● **Data excerpts**:

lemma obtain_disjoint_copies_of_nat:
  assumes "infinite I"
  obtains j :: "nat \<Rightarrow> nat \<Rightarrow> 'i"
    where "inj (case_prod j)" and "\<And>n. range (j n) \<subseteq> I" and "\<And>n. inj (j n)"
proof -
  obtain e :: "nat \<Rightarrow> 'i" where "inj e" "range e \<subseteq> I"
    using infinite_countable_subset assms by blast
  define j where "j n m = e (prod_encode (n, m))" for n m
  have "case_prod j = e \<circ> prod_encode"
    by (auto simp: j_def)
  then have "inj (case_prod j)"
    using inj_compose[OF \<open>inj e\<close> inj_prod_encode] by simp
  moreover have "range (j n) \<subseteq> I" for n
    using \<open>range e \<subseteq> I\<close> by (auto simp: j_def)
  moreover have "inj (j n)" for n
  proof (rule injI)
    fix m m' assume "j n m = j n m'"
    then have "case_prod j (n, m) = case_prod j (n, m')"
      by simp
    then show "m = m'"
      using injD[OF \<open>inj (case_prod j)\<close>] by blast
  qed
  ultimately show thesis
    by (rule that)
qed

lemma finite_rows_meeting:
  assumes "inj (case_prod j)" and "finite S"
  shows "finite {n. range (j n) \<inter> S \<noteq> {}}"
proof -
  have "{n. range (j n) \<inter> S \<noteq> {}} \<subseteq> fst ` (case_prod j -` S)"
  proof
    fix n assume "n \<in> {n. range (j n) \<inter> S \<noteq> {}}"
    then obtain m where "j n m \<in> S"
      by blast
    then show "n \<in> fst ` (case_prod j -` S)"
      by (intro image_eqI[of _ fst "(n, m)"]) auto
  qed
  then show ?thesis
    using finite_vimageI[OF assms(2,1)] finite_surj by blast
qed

● **Your objective**: Each line above with the word "noteq" must be returned.

● **Reply**:
  shows "finite {n. range (j n) \<inter> S \<noteq> {}}"
  have "{n. range (j n) \<inter> S \<noteq> {}} \<subseteq> fst ` (case_prod j -` S)"
    fix n assume "n \<in> {n. range (j n) \<inter> S \<noteq> {}}"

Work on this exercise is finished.